Revision as of 18:00, 2 February 2012 by Darichar (Talk | contribs)

   One of the biggest difficulties facing an engineering student today is the fact that by the time they graduate, the technology they learned in college will already begin to be obsolete. This means that the students of today need to be taught to develop the technology of tomorrow. So how do you teach an engineer to develop technology that doesn’t exist yet? To me the answer is fundamental; to me it is a way of thinking.

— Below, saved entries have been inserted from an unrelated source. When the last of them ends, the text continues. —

lemma respects_new_edges_iff_forced_pairs:
  "(\<forall>(u, j, v)\<in>new_edges. \<sigma> j (\<phi> u) = \<phi> v)
    \<longleftrightarrow> (\<forall>j<k. \<forall>(x, y)\<in>forced_pairs \<phi> j. \<sigma> j x = y)"
proof
  assume forced: "\<forall>j<k. \<forall>(x, y)\<in>forced_pairs \<phi> j. \<sigma> j x = y"
  show "\<forall>(u, j, v)\<in>new_edges. \<sigma> j (\<phi> u) = \<phi> v"
  proof clarify
    fix u j v assume "(u, j, v) \<in> new_edges"
    then have "j < k" "(\<phi> u, \<phi> v) \<in> forced_pairs \<phi> j"
      by (auto simp: new_edge_mem(3) mem_forced_pairs)
    with forced show "\<sigma> j (\<phi> u) = \<phi> v"
      by auto
  qed
qed (auto simp: mem_forced_pairs)

lemma forced_pairs_matching:
  assumes "\<phi> \<in> embeddings n"
  shows "forced_pairs \<phi> j \<subseteq> no_out VG EG n j \<times> no_in VG EG n j"
    and "inj_on fst (forced_pairs \<phi> j)"
    and "inj_on snd (forced_pairs \<phi> j)"
proof -
  show "forced_pairs \<phi> j \<subseteq> no_out VG EG n j \<times> no_in VG EG n j"
    using embedding_tail_no_out[OF assms] embedding_head_no_in[OF assms]
    by (auto simp: mem_forced_pairs)
  show "inj_on fst (forced_pairs \<phi> j)"
  proof (rule inj_onI)
    fix p p' assume "p \<in> forced_pairs \<phi> j" "p' \<in> forced_pairs \<phi> j" "fst p = fst p'"
    then obtain u v u' v' where uv: "(u, j, v) \<in> new_edges" "(u', j, v') \<in> new_edges"
      and p: "p = (\<phi> u, \<phi> v)" "p' = (\<phi> u', \<phi> v')" and "\<phi> u = \<phi> u'"
      by (auto simp: mem_forced_pairs)
    then have "u = u'"
      using embedding_inj[OF assms] new_edge_mem by blast
    then have "v = v'"
      using uv precover_out_unique[OF precover_K] new_edge_mem(4) by blast
    then show "p = p'"
      using p \<open>u = u'\<close> by simp
  qed
  show "inj_on snd (forced_pairs \<phi> j)"
  proof (rule inj_onI)
    fix p p' assume "p \<in> forced_pairs \<phi> j" "p' \<in> forced_pairs \<phi> j" "snd p = snd p'"
    then obtain u v u' v' where uv: "(u, j, v) \<in> new_edges" "(u', j, v') \<in> new_edges"
      and p: "p = (\<phi> u, \<phi> v)" "p' = (\<phi> u', \<phi> v')" and "\<phi> v = \<phi> v'"
      by (auto simp: mem_forced_pairs)
    then have "v = v'"
      using embedding_inj[OF assms] new_edge_mem by blast
    then have "u = u'"
      using uv precover_in_unique[OF precover_K] new_edge_mem(4) by blast
    then show "p = p'"
      using p \<open>v = v'\<close> by simp
  qed
qed

lemma card_forced_pairs:
  assumes "\<phi> \<in> embeddings n"
  shows "card (forced_pairs \<phi> j) = card (edges_labelled j new_edges)"
proof -
  have "inj_on (\<lambda>(u, _, v). (\<phi> u, \<phi> v)) (edges_labelled j new_edges)"
    using embedding_inj[OF assms] new_edge_mem by (auto simp: inj_on_def edges_labelled_def)
  then show ?thesis
    by (simp add: forced_pairs_def card_image)
qed

lemma card_completion_choices:
  assumes "card VG \<le> n"
  shows "card (completion_choices k VG EG n) = (\<Prod>j<k. fact (n - card (edges_labelled j EG)))"
proof -
  note finite = precover_finite(1)[OF precover_G]
  have "card {f \<in> extensional (no_out VG EG n j). bij_betw f (no_out VG EG n j) (no_in VG EG n j)}
      = fact (n - card (edges_labelled j EG))" for j
    using card_bij_betw_extending_matching[OF finite_no_out[OF finite] finite_no_in[OF finite], where C = "{}"]
      card_no_out[OF precover_G assms] card_no_in[OF precover_G assms]
    by simp
  then show ?thesis
    by (simp add: completion_choices_def card_PiE)
qed

lemma card_choices_extending:
  assumes "\<phi> \<in> embeddings n" "card VG \<le> n"
  shows "card {\<sigma> \<in> completion_choices k VG EG n. \<forall>(u, j, v)\<in>new_edges. \<sigma> j (\<phi> u) = \<phi> v}
    = (\<Prod>j<k. fact (n - card (edges_labelled j EG) - card (edges_labelled j new_edges)))"
proof -
  note finite = precover_finite(1)[OF precover_G]
  let ?B = "\<lambda>j. {f \<in> extensional (no_out VG EG n j). bij_betw f (no_out VG EG n j) (no_in VG EG n j)
                  \<and> (\<forall>(x, y)\<in>forced_pairs \<phi> j. f x = y)}"
  have "{\<sigma> \<in> completion_choices k VG EG n. \<forall>(u, j, v)\<in>new_edges. \<sigma> j (\<phi> u) = \<phi> v}
      = (\<Pi>\<^sub>E j\<in>{..<k}. ?B j)"
    unfolding respects_new_edges_iff_forced_pairs
    by (auto simp: completion_choices_def PiE_iff extensional_def)
  moreover have "card (?B j) = fact (n - card (edges_labelled j EG) - card (edges_labelled j new_edges))"
    for j
    using card_bij_betw_extending_matching[OF finite_no_out[OF finite] finite_no_in[OF finite] _
        forced_pairs_matching[OF assms(1)]]
      card_no_out[OF precover_G assms(2)] card_no_in[OF precover_G assms(2)] card_forced_pairs[OF assms(1)]
    by simp
  ultimately show ?thesis
    by (simp add: card_PiE)
qed
lemma trilinear_form_le:
  fixes g :: "3 \<Rightarrow> real \<Rightarrow> ennreal" and G :: "real \<times> real \<Rightarrow> ennreal"
    and l :: "real^3 \<Rightarrow> real" and E :: "real set" and S :: "(real^3) set"
  assumes ijk: "i \<noteq> j" "j \<noteq> k" "i \<noteq> k" and l: "linear l" "l (axis k 1) \<noteq> 0"
    and g_meas: "\<And>n. g n \<in> borel_measurable lebesgue" and G_meas: "G \<in> borel_measurable lebesgue"
    and E_meas: "E \<in> sets lebesgue"
  shows "(\<integral>\<^sup>+\<xi>. (\<Prod>n\<in>UNIV. g n (\<xi>$n)) * G (phase_map \<xi>) * indicator S \<xi> * indicator E (l \<xi>) \<partial>lebesgue)
    \<le> ennreal (1 / sqrt \<bar>l (axis k 1)\<bar>) * (\<Prod>n\<in>UNIV. L2norm (g n)) * L2norm G
      * esqrt (emeasure lebesgue E) * inverse (esqrt (INF \<xi>\<in>S. ennreal \<bar>\<xi>$i - \<xi>$j\<bar>))"
    (is "?I \<le> ?R")
proof -
  have "\<forall>n. \<exists>h. h \<in> borel_measurable borel \<and> (\<forall>x. g n x \<le> h x) \<and> L2norm h = L2norm (g n)"
    using borel_majorant_L2norm[OF g_meas] by metis
  then obtain h where [measurable]: "\<And>n. h n \<in> borel_measurable borel"
    and h: "\<And>n x. g n x \<le> h n x" "\<And>n. L2norm (h n) = L2norm (g n)"
    by metis
  obtain G' where [measurable]: "G' \<in> borel_measurable borel" and G': "\<And>p. G p \<le> G' p" "L2norm G' = L2norm G"
    using borel_majorant_L2norm[OF G_meas] by blast
  obtain e where [measurable]: "e \<in> borel_measurable borel"
    and e: "\<And>t. indicator E t \<le> e t" "L2norm e = esqrt (emeasure lebesgue E)"
    using borel_majorant_L2norm[of "indicator E"] E_meas by (auto simp: L2norm_indicator)
  let ?J = "\<integral>\<^sup>+\<xi>. (\<Prod>n\<in>UNIV. h n (\<xi>$n)) * G' (phase_map \<xi>) * indicator S \<xi> * e (l \<xi>) \<partial>lborel"
  have "?I \<le> (\<integral>\<^sup>+\<xi>. (\<Prod>n\<in>UNIV. h n (\<xi>$n)) * G' (phase_map \<xi>) * indicator S \<xi> * e (l \<xi>) \<partial>lebesgue)"
    using h(1) G'(1) e(1) by (intro nn_integral_mono mult_mono prod_mono_ennreal) auto
  also have "\<dots> = ?J"
    by (rule nn_integral_completion)
  also have "?J \<le> ?R"
  proof (rule ennreal_power2_le_imp_le)
    have "?J\<^sup>2 \<le> ennreal (1 / \<bar>l (axis k 1)\<bar>) * inverse (INF \<xi>\<in>S. ennreal \<bar>\<xi>$i - \<xi>$j\<bar>)
        * ((\<Prod>n\<in>UNIV. (L2norm (h n))\<^sup>2) * (L2norm G')\<^sup>2 * (L2norm e)\<^sup>2)"
      unfolding L2norm_power2 by (rule trilinear_form_borel_le[OF ijk l]) measurable
    also have "\<dots> = ?R\<^sup>2"
      using l(2) by (simp add: h(2) G'(2) e(2) power_mult_distrib prod_power_distrib esqrt_power2
          ennreal_inverse_power[symmetric] ennreal_power power_divide mult_ac)
    finally show "?J\<^sup>2 \<le> ?R\<^sup>2" .
  qed
  finally show ?thesis .
qed

theorem lemma4p4:
  fixes i j k :: 3 and l :: "real^3 \<Rightarrow> real"
  assumes "i \<noteq> j" "j \<noteq> k" "i \<noteq> k"
    and "linear l" and "l (axis k 1) \<noteq> 0"
  shows "\<exists>C::real. \<forall>(G :: real \<times> real \<Rightarrow> ennreal) (g1 :: real \<Rightarrow> ennreal) g2 g3
      (E :: real set) (S :: (real^3) set).
      G \<in> borel_measurable lebesgue \<longrightarrow> g1 \<in> borel_measurable lebesgue \<longrightarrow>
      g2 \<in> borel_measurable lebesgue \<longrightarrow> g3 \<in> borel_measurable lebesgue \<longrightarrow>
      E \<in> sets lebesgue \<longrightarrow> S \<in> sets lebesgue \<longrightarrow>
      (\<integral>\<^sup>+ \<xi>. g1 (\<xi>$1) * g2 (\<xi>$2) * g3 (\<xi>$3)
          * G (\<xi>$1 - \<xi>$2 + \<xi>$3, (\<xi>$1)\<^sup>2 - (\<xi>$2)\<^sup>2 + (\<xi>$3)\<^sup>2)
          * indicator S \<xi> * indicator E (l \<xi>) \<partial>lebesgue)
      \<le> ennreal C * L2norm G * L2norm g1 * L2norm g2 * L2norm g3
          * esqrt (emeasure lebesgue E)
          * inverse (esqrt (INF \<xi>\<in>S. ennreal \<bar>\<xi>$i - \<xi>$j\<bar>))"
proof (intro exI[of _ "1 / sqrt \<bar>l (axis k 1)\<bar>"] allI impI, goal_cases)
  case (1 G g1 g2 g3 E S)
  define g where "g n = (if n = 1 then g1 else if n = 2 then g2 else g3)" for n :: 3
  have "g n \<in> borel_measurable lebesgue" for n
    using 1 by (simp add: g_def)
  from trilinear_form_le[where g = g and S = S, OF assms this \<open>G \<in> _\<close> \<open>E \<in> _\<close>] show ?case
    unfolding UNIV_3 by (simp add: g_def phase_map_def mult_ac)
qed

end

   The classes I have taken at Purdue taught me that there is more to the material than just the material. Each new subject brings about new perspectives, new ways of approaching problems, and new ways of analyzing the world around me. I have taken signal analysis classes, which don’t just teach how to compute Fourier transforms, and what to do with that answer. They teach the idea that any signal can be broken down into fundamental components, and these components manipulated independently before being recombined in a more suitable fashion. I have taken classes on electricity and magnetism, which don’t just teach you how to compute magnetic flux, but provide an understanding of what creates these fields, how they can be tapped into, and what can be gained by doing so. Then there are the circuit classes. These begin by teaching you the basic building blocks, but that is only the first step of circuit design. They taught me that almost anyone can design a circuit, but a truly good engineer can design a circuit that can operate at extreme temperatures, in the presence of extremely noisy conditions and all for a fraction of the cost. This is what being a good engineer is about.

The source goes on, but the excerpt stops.